From mattly
Intro
More than ever, it's imperative to provide safe places. Moderation tooling hasn't been a major priority for a lot of the server softwares common in the fediverse, and that's unfortunate, if understandable -- oftentimes priorities and efforts for open source projects focus on technical aspects more than interface design.
For the last ten years or so, my work has focused on interface design for highly technical and often nuanced things, across a variety of domains (and I often have to remind people what the "I" is in API). I've learned a lot of things through this work, but perhaps the most important is: when you are designing for practitioners, you need to listen to the people doing the work. We talked to a small handful of people doing moderation work at a variety of scales and contexts: instances large & small, people moderating discord servers, people doing trust & safety work professionaly at scale. We talked about trust & safety as it relates to administering and moderating servers; while there is much worthwhile work which could empower individual users in these regards, our conversations focused on the admin/moderation roles.
This article is a summary of what we've learned through our interviews: the problems faced by people doing moderation work, and the obstacles to solving those problems. I also have some recommendations for technically-minded people who want to work to improve trust & safety tooling in the fediverse.
Problems: Keeping Context
Moderation is partly a game of context-keeping, and context is primarily social: who are the people involved in a situation? What are their histories, how are they trusted, what are the social norms & rules in which a dispute are occuring? This is often easier in smaller communities, but federation brings its problems, as does an increase in instance size; keeping track of these things becomes a problem.

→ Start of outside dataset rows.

lemma supports_path_to_diag_induct [consumes 1, case_names base step]:
  assumes "supports_path_to_diag R P u"
    and base: "\<And>u. u \<in> diag_pairs \<Longrightarrow> u \<in> R \<Longrightarrow> set_pmf (P u) \<subseteq> R \<Longrightarrow> Q u"
    and step: "\<And>u y. u \<in> R \<Longrightarrow> set_pmf (P u) \<subseteq> R \<Longrightarrow> y \<in> set_pmf (P u) \<Longrightarrow> Q y \<Longrightarrow> Q u"
  shows "Q u"
proof -
  obtain xs where "xs \<noteq> []" "hd xs = u" "last xs \<in> diag_pairs"
    "successively (\<lambda>x y. y \<in> set_pmf (P x)) xs" "\<forall>x\<in>set xs. x \<in> R \<and> set_pmf (P x) \<subseteq> R"
    using assms(1) unfolding supports_path_to_diag_iff by blast
  then show ?thesis
  proof (induction xs arbitrary: u)
    case Nil
    then show ?case by simp
  next
    case (Cons x ys)
    show ?case
    proof (cases "ys = []")
      case True
      with Cons.prems show ?thesis by (auto intro: base)
    next
      case False
      with Cons.prems have "Q (hd ys)"
        by (intro Cons.IH) (auto simp: successively_Cons)
      with Cons.prems False show ?thesis
        by (auto simp: successively_Cons intro: step)
    qed
  qed
qed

Context is also, often, information. Who are the people involved? can become What do we know about the people involved? Providing access to this kind of information is a common frustration point, and it's where I see the biggest opportunities for better-designed tooling to make access to relevant information eaiser, or even possible. One instance admin described giving their mod team read-only access to the database along with a library of queries to get at information their server software doesn't make available. There's lots of room for improvement here!
Flag Activities & Reports
The main case for a moderator gathering information is in dealing with flag activities, also known as reports. Hachyderm did a great write-up on how these work. Challenges in evaluating a report can stem from the server software's design, its data architecture decisions, the design of ActivityPub, differences between fedi sofrwares, and/or the distributed nature of federation. Social information plays an important role, too.
From a design & data standpoint, many questions arise that are difficult to answer: What is the history of a user who is the subject of a report -- what reports have been filed against them previously? What is the history of the user filing the report? Is this user receiving a lot of other reports at the same time? Who are the accounts doing the reporting?
If the report creator is remote, what information can you get about them? What is the recent or overall history of report exchanges between your instance and the remote instance? It can be hard to distinguish situations where someone is a bad actor compared to someone who is under attack by sockpuppet accounts, especially as there is much less contextual information about users, such as the domains their email addresses are from, their IP ranges, etc.
Sometimes a post that is part of a report is a response to a post that's been deleted, and since the server software deletes those posts immediately, the full thread is gone. It's completely possible for a report to become "un-solveable" by any reasonable standard, but the model around ActivityPub flags don't allow for this.
And sometimes it's a permissions issue, where posts not visible to the public (either "mentioned people only" or "followers only") are either the subject of a report or part of the evaluation context for one. However, some server software applies the standard visibility rules to admins, so the moderator can't see these non-public posts that are part of the larger evaluation context.
From a protocol standpoint, the ActivityPub Flag
activity used for reporting has loose semantic definitions for its fields, and there is little guidance on what fields are supposed to indicate. This leaves implementors to define that, which causes problems from an interoperability standpoint. The ActivityPub Trust and Safety group is working to define this better.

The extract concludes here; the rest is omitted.